Gerald A. Cohen (1941-2009) Un voyage intellectuel aux frontières

1
Journées de l'Association Charles Gide
« Justice et économie : doctrines anciennes et nouvelles théories »
Colloque 16 & 17 juin 2011
Toulouse
Gerald A. Cohen (1941-2009)
Un voyage intellectuel aux frontières de la radicalité
Fabien Tarrit
OMI (EA 2065)
Université de Reims Champagne-Ardenne
Résumé : Le philosophe Gerald A. Cohen, qui fut titulaire d’une Chaire en Théorie sociale et politique à
lUniversité dOxford entre 1984 et 2008, est décédé le 5 août 2009. Sa pensée, qui se veut radicale et
se présente explicitement comme étant au service de l’émancipation de l’humanité, s’est d’abord
articulée autour de la pensée de Marx. Elle émergea soudainement sur la scène intellectuelle en 1978
avec la parution de Karl Marx’s Theory of History: A Defence.

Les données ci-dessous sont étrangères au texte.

text \<open>Modulo \<open>n\<close> every matched pair sums to \<open>2 c\<close>, so a zero sum forces the remaining
  unmatched vertex to be congruent to \<open>c\<close> as well.\<close>
lemma image_condition_if_sum_zero:
  assumes sum_x: "sum x {0..<n} = 0" and j0: "j0 < r"
    and unmatched: "\<And>j. j < r \<Longrightarrow> j \<noteq> j0 \<Longrightarrow> int n dvd x (w j) - c"
    and matched: "\<And>i. i < k \<Longrightarrow> N dvd (int n - 1) * (x (b i) - c) - (x (a i) - c)"
  shows "image_condition x c"
proof -
  have pair: "int n dvd (x (a i) - c) + (x (b i) - c)" if "i < k" for i
  proof -
    have "int n dvd (int n - 1) * (x (b i) - c) - (x (a i) - c)"
      using matched[OF that] by (rule dvd_mult_left)
    then have "int n dvd int n * (x (b i) - c) - ((int n - 1) * (x (b i) - c) - (x (a i) - c))"
      by (simp add: dvd_diff)
    also have "int n * (x (b i) - c) - ((int n - 1) * (x (b i) - c) - (x (a i) - c))
        = (x (a i) - c) + (x (b i) - c)"
      by (simp add: algebra_simps)
    finally show ?thesis .
  qed
  have "(\<Sum>j<r. x (w j) - c) + (\<Sum>i<k. (x (a i) - c) + (x (b i) - c)) = sum x {0..<n} - int n * c"
    using sum_vertices[of x] n_eq by (simp add: sum_subtractf sum.distrib algebra_simps)
  moreover have "(\<Sum>j<r. x (w j) - c) = (x (w j0) - c) + (\<Sum>j\<in>{..<r} - {j0}. x (w j) - c)"
    using j0 by (simp add: sum.remove)
  ultimately have "x (w j0) - c
      = - int n * c - (\<Sum>j\<in>{..<r} - {j0}. x (w j) - c) - (\<Sum>i<k. (x (a i) - c) + (x (b i) - c))"
    using sum_x by simp
  moreover have "int n dvd (\<Sum>j\<in>{..<r} - {j0}. x (w j) - c)"
    using unmatched by (intro dvd_sum) auto
  moreover have "int n dvd (\<Sum>i<k. (x (a i) - c) + (x (b i) - c))"
    using pair by (intro dvd_sum) auto
  ultimately have "int n dvd x (w j0) - c"
    by (simp add: dvd_diff)
  then show ?thesis
    using unmatched matched unfolding image_condition_def by (metis (no_types))
qed

lemma image_condition_laplacian:
  assumes x: "\<And>u. u < n \<Longrightarrow> x u = L y u"
  shows "image_condition x (- sum y {0..<n})"
  unfolding image_condition_def
proof (intro conjI allI impI)
  fix j assume "j < r"
  then have "x (w j) - - sum y {0..<n} = int n * y (w j)"
    using x[OF w_less] L_w by simp
  then show "int n dvd x (w j) - - sum y {0..<n}" by simp
next
  fix i assume i: "i < k"
  have "(int n - 1) * (x (b i) - - sum y {0..<n}) - (x (a i) - - sum y {0..<n}) = N * y (b i)"
    unfolding x[OF a_less[OF i]] x[OF b_less[OF i]] L_a[OF i] L_b[OF i]
    by (simp add: algebra_simps)
  then show "N dvd (int n - 1) * (x (b i) - - sum y {0..<n}) - (x (a i) - - sum y {0..<n})"
    by simp
qed

lemma laplacian_preimage:
  assumes sum_x: "sum x {0..<n} = 0" and c: "image_condition x c"
  shows "\<exists>y. \<forall>u\<in>{0..<n}. x u = L y u"
proof -
  define pa where "pa i = (int n - 1) * (x (a i) - c) - (x (b i) - c)" for i
  define pb where "pb i = (int n - 1) * (x (b i) - c) - (x (a i) - c)" for i
  have pb_dvd: "N dvd pb i" if "i < k" for i
    using c that by (simp add: image_condition_def pb_def)
  have pa_dvd: "N dvd pa i" if "i < k" for i
  proof -
    have "pa i = N * (x (b i) - c) - (int n - 1) * pb i"
      by (simp add: pa_def pb_def algebra_simps)
    then show ?thesis using pb_dvd[OF that] by (simp add: dvd_diff)
  qed
  obtain y where y_w: "\<And>j. j < r \<Longrightarrow> y (w j) = (x (w j) - c) div int n"
    and y_a: "\<And>i. i < k \<Longrightarrow> y (a i) = pa i div N"
    and y_b: "\<And>i. i < k \<Longrightarrow> y (b i) = pb i div N"
    using exists_vertex_function[where p = "\<lambda>j. (x (w j) - c) div int n"
        and q = "\<lambda>i. pa i div N" and q' = "\<lambda>i. pb i div N"] by blast
  have Ny_a: "N * y (a i) = pa i" and Ny_b: "N * y (b i) = pb i" if "i < k" for i
    using y_a[OF that] y_b[OF that] pa_dvd[OF that] pb_dvd[OF that] by simp_all
  have y_pair: "(int n - 1) * y (a i) + y (b i) = x (a i) - c"
    "(int n - 1) * y (b i) + y (a i) = x (b i) - c" if "i < k" for i
  proof -
    have "N \<noteq> 0" using N_neq_zero that by simp
    then show "(int n - 1) * y (a i) + y (b i) = x (a i) - c"
      "(int n - 1) * y (b i) + y (a i) = x (b i) - c"
      using Ny_a[OF that] Ny_b[OF that] unfolding pa_def pb_def by (simp_all add: block_solve)
  qed
  define S where "S = sum y {0..<n}"
  have L_y: "L y u = x u - c - S" if "u < n" for u
    using that
  proof (cases rule: vertex_cases)
    case (unmatched j)
    then show ?thesis
      using c L_w[of j y] y_w[of j] by (simp add: image_condition_def S_def)
  next
    case (matched_a i)
    then show ?thesis
      using L_a[OF matched_a(1), of y] y_pair(1)[OF matched_a(1)] by (simp add: S_def algebra_simps)
  next
    case (matched_b i)
    then show ?thesis
      using L_b[OF matched_b(1), of y] y_pair(2)[OF matched_b(1)] by (simp add: S_def algebra_simps)
  qed
  have "0 = sum (L y) {0..<n}"
    using sum_laplacian_map[of "{0..<n}"] complete_minus_matching_sym by simp
  also have "\<dots> = (\<Sum>u\<in>{0..<n}. x u - c - S)"
    using L_y by (intro sum.cong) auto
  also have "\<dots> = - int n * (c + S)"
    using sum_x by (simp add: sum_subtractf algebra_simps)
  finally have "c + S = 0"
    using n_eq r_pos by simp
  then have "\<forall>u\<in>{0..<n}. x u = L y u"
    using L_y by simp
  then show ?thesis by blast
qed

lemma laplacian_image_iff:
  assumes "sum x {0..<n} = 0"
  shows "(\<exists>y. \<forall>u\<in>{0..<n}. x u = L y u) \<longleftrightarrow> (\<exists>c. image_condition x c)"
proof
  assume "\<exists>y. \<forall>u\<in>{0..<n}. x u = L y u"
  then obtain y where "\<And>u. u < n \<Longrightarrow> x u = L y u" by auto
  then have "image_condition x (- sum y {0..<n})" by (rule image_condition_laplacian)
  then show "\<exists>c. image_condition x c" ..
qed (use laplacian_preimage[OF assms] in blast)

definition pair_value :: "(nat \<Rightarrow> int) \<Rightarrow> nat \<Rightarrow> int" where
  "pair_value x i = x (a i) - (int n - 1) * x (b i)"

lemma pair_value_eq:
  "(int n - 1) * (x (b i) - c) - (x (a i) - c) = - (pair_value x i + (int n - 2) * c)"
  by (simp add: pair_value_def algebra_simps)

lemma image_condition_iff_two_unmatched:
  assumes r: "2 \<le> r" and sum_x: "sum x {0..<n} = 0"
  shows "(\<exists>c. image_condition x c) \<longleftrightarrow>
    (\<forall>t<r - 2. int n dvd x (w t) - x (w (r - 2))) \<and>
    (\<forall>i<k. N dvd pair_value x i + (int n - 2) * x (w (r - 2)))"
    (is "_ \<longleftrightarrow> ?unmatched \<and> ?matched")
proof
  assume "\<exists>c. image_condition x c"
  then obtain c where c: "image_condition x c" ..
  then have "int n dvd x (w (r - 2)) - c"
    using r by (simp add: image_condition_def)
  then have "image_condition x (x (w (r - 2)))"
    by (rule image_condition_shift[OF c])
  then show "?unmatched \<and> ?matched"
    by (simp add: image_condition_def pair_value_eq dvd_minus_diff_iff)
next
  assume conds: "?unmatched \<and> ?matched"
  have "int n dvd x (w j) - x (w (r - 2))" if "j < r" "j \<noteq> r - 1" for j
  proof (cases "j < r - 2")
    case True
    then show ?thesis using conds by simp
  next
    case False
    then have "j = r - 2" using that by simp
    then show ?thesis by simp
  qed
  moreover have "N dvd (int n - 1) * (x (b i) - x (w (r - 2))) - (x (a i) - x (w (r - 2)))"
    if "i < k" for i
    using conds that by (simp add: pair_value_eq dvd_minus_diff_iff)
  ultimately have "image_condition x (x (w (r - 2)))"
    using image_condition_if_sum_zero[OF sum_x, of "r - 1"] r by simp
  then show "\<exists>c. image_condition x c" ..
qed

lemma critical_group_iso_two_unmatched:
  assumes r: "2 \<le> r" and s: "s < n"
  shows "critical_group {0..<n} (complete_minus_matching edges) s
    \<cong> cyclic_sum n (r - 2) (n * (n - 2)) k"
proof -
  define F1 where "F1 t x = x (w t) - x (w (r - 2))" for t and x :: "nat \<Rightarrow> int"
  define F2 where "F2 i x = pair_value x i + (int n - 2) * x (w (r - 2))"
    for i and x :: "nat \<Rightarrow> int"
  have N_eq: "int (n * (n - 2)) = N"
    using n_eq r by (simp add: of_nat_diff)
  show ?thesis
  proof (rule critical_group_iso_cyclic_sumI[where f = F1 and g = F2])
    show "\<exists>x. sum x {0..<n} = 0 \<and> (\<forall>t<r - 2. F1 t x = h1 t) \<and> (\<forall>t<k. F2 t x = h2 t)"
      for h1 h2
    proof -
      define m where "m = r - 2"
      have r_eq: "r = Suc (Suc m)" using r by (simp add: m_def)
      define T where "T = (\<Sum>j<m. h1 j) + (\<Sum>i<k. h2 i)"
      obtain x where
        x_w: "\<And>j. j < r \<Longrightarrow> x (w j) = (if j < m then h1 j else if j = m then 0 else - T)"
        and x_a: "\<And>i. i < k \<Longrightarrow> x (a i) = h2 i" and x_b: "\<And>i. i < k \<Longrightarrow> x (b i) = 0"
        using exists_vertex_function[where q = h2 and q' = "\<lambda>_. 0"
            and p = "\<lambda>j. if j < m then h1 j else if j = m then 0 else - T"] by blast
      have "(\<Sum>j<r. x (w j)) = (\<Sum>j<m. h1 j) - T"
        using x_w unfolding r_eq by simp
      then have "sum x {0..<n} = 0"
        using x_a x_b by (simp add: sum_vertices T_def)
      moreover have "\<forall>t<r - 2. F1 t x = h1 t" "\<forall>t<k. F2 t x = h2 t"
        using x_w x_a x_b r_eq by (simp_all add: F1_def F2_def pair_value_def)
      ultimately show ?thesis by blast
    qed
    show "(\<forall>t<r - 2. int n dvd F1 t x) \<and> (\<forall>t<k. int (n * (n - 2)) dvd F2 t x)
        \<longleftrightarrow> (\<exists>y. \<forall>u\<in>{0..<n}. x u = L y u)"
      if "sum x {0..<n} = 0" for x
      unfolding N_eq F1_def F2_def
      using image_condition_iff_two_unmatched[OF r that] laplacian_image_iff[OF that] by simp
  qed (use s r w_less a_less b_less complete_minus_matching_sym in
      \<open>auto simp: F1_def F2_def pair_value_def algebra_simps\<close>)
qed

lemma image_condition_iff_one_unmatched:
  assumes r: "r = 1" and k: "0 < k" and sum_x: "sum x {0..<n} = 0"
  shows "(\<exists>c. image_condition x c) \<longleftrightarrow>
    int n - 2 dvd pair_value x 0 \<and> (\<forall>t<k - 1. N dvd pair_value x (Suc t) - pair_value x 0)"
    (is "_ \<longleftrightarrow> ?first \<and> ?rest")
proof
  assume "\<exists>c. image_condition x c"
  then obtain c where "image_condition x c" ..
  then have c: "N dvd pair_value x i + (int n - 2) * c" if "i < k" for i
    using that by (simp add: image_condition_def pair_value_eq dvd_minus_diff_iff)
  have "int n - 2 dvd pair_value x 0 + (int n - 2) * c"
    using c[OF k] by (rule dvd_mult_right)
  then have ?first
    by (simp add: dvd_add_left_iff)
  moreover have ?rest
    using dvd_diff[OF c c[OF k]] by simp
  ultimately show "?first \<and> ?rest" ..
next
  assume "?first \<and> ?rest"
  then have ?first and rest: ?rest by simp_all
  then obtain m where m: "pair_value x 0 = (int n - 2) * m"
    by (auto elim: dvdE)
  have "N dvd (int n - 1) * (x (b i) - - m) - (x (a i) - - m)" if "i < k" for i
  proof -
    have "N dvd pair_value x i - pair_value x 0"
      using rest that by (cases i) auto
    moreover have "(int n - 1) * (x (b i) - - m) - (x (a i) - - m)
        = - (pair_value x i - pair_value x 0)"
      unfolding pair_value_eq m by (simp add: algebra_simps)
    ultimately show ?thesis
      by (simp add: dvd_diff_commute)
  qed
  then have "image_condition x (- m)"
    using image_condition_if_sum_zero[OF sum_x, of 0] r by auto
  then show "\<exists>c. image_condition x c" ..
qed

lemma critical_group_iso_one_unmatched:
  assumes r: "r = 1" and k: "0 < k" and s: "s < n"
  shows "critical_group {0..<n} (complete_minus_matching edges) s
    \<cong> cyclic_sum (n - 2) 1 (n * (n - 2)) (k - 1)"
proof -
  define F1 where "F1 t x = pair_value x 0" for t :: nat and x
  define F2 where "F2 t x = pair_value x (Suc t) - pair_value x 0" for t x
  have n2: "int (n - 2) = int n - 2"
    using n_eq k by simp
  show ?thesis
  proof (rule critical_group_iso_cyclic_sumI[where f = F1 and g = F2])
    show "\<exists>x. sum x {0..<n} = 0 \<and> (\<forall>t<1. F1 t x = h1 t) \<and> (\<forall>t<k - 1. F2 t x = h2 t)"
      for h1 h2
    proof -
      define q where "q i = (if i = 0 then h1 0 else h2 (i - 1) + h1 0)" for i
      obtain x where x_w: "\<And>j. j < r \<Longrightarrow> x (w j) = - (\<Sum>i<k. q i)"
        and x_a: "\<And>i. i < k \<Longrightarrow> x (a i) = q i" and x_b: "\<And>i. i < k \<Longrightarrow> x (b i) = 0"
        using exists_vertex_function[where p = "\<lambda>_. - (\<Sum>i<k. q i)" and q = q
            and q' = "\<lambda>_. 0"] by blast
      have "sum x {0..<n} = 0"
        using x_w x_a x_b r by (simp add: sum_vertices)
      moreover have "\<forall>t<1. F1 t x = h1 t" "\<forall>t<k - 1. F2 t x = h2 t"
        using x_a x_b k by (simp_all add: F1_def F2_def pair_value_def q_def)
      ultimately show ?thesis by blast
    qed
    show "(\<forall>t<1. int (n - 2) dvd F1 t x) \<and> (\<forall>t<k - 1. int (n * (n - 2)) dvd F2 t x)
        \<longleftrightarrow> (\<exists>y. \<forall>u\<in>{0..<n}. x u = L y u)"
      if "sum x {0..<n} = 0" for x
      unfolding of_nat_mult n2 F1_def F2_def
      using image_condition_iff_one_unmatched[OF r k that] laplacian_image_iff[OF that] by simp
  qed (use s k a_less b_less complete_minus_matching_sym in
      \<open>auto simp: F1_def F2_def pair_value_def algebra_simps\<close>)
qed

end

lemma card_2_eq_Min_Max:
  assumes "card (e :: 'a :: linorder set) = 2"
  shows "e = {Min e, Max e}" and "Min e \<noteq> Max e"
proof -
  obtain x y where e: "e = {x, y}" "x \<noteq> y"
    using card_2_iff[THEN iffD1, OF assms] by blast
  then show "e = {Min e, Max e}" "Min e \<noteq> Max e"
    by (cases "x < y"; auto simp: min_def max_def)+
qed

La double originalité de cet ouvrage
consiste d’une part à défendre le matérialisme historique sur des fondements méthodologiques
traditionnellement considérés comme contradictoires avec ce qu’a écrit Marx (philosophie analytique,
explication fonctionnelle), et d’autre part à avoir impulsé une école de pensée, le marxisme analytique,
dont les travaux ont également porté sur l’économie, la sociologie, l’histoire… Par la suite, après une
longue série de débats sur ce thème, et sans renoncer à sa recherche de radicalité intellectuelle, Cohen
tendit à se détacher de la théorie de Marx, à la fois pour des raisons théoriques relevant de la
cohérence logique, et pour des raisons empiriques tenant à la correspondance entre la théorie et les
faits. Il se rapprochera alors progressivement des travaux de philosophie politique s’étant développés
autour de la Théorie de la justice de John Rawls. Ce mouvement ne fut pas immédiat, puisquil sest
d’abord approprié le concept libertarien de propriété de soi pour chercher à l’associer à une approche
marxiste. Son intention était alors, en s’appuyant sur les travaux de John Locke, d’utiliser un argument
libertarien au service de la théorie critique. Il abandonna ce concept avant d’intégrer pleinement le
débat normatif autour des problématiques de justice sociale. S’appuyant sur la philosophie kantienne,
il reprochait à l’analyse de John Rawls l’insuffisance d’autonomie accordée aux choix individuels, se
rapprochant ainsi d’une théorie des choix individuels. Tel fut le voyage intellectuel de Jerry Cohen, qui
consistait à puiser chez les grands auteurs (Marx, Locke, Kant) les outils intellectuels de la radicalité.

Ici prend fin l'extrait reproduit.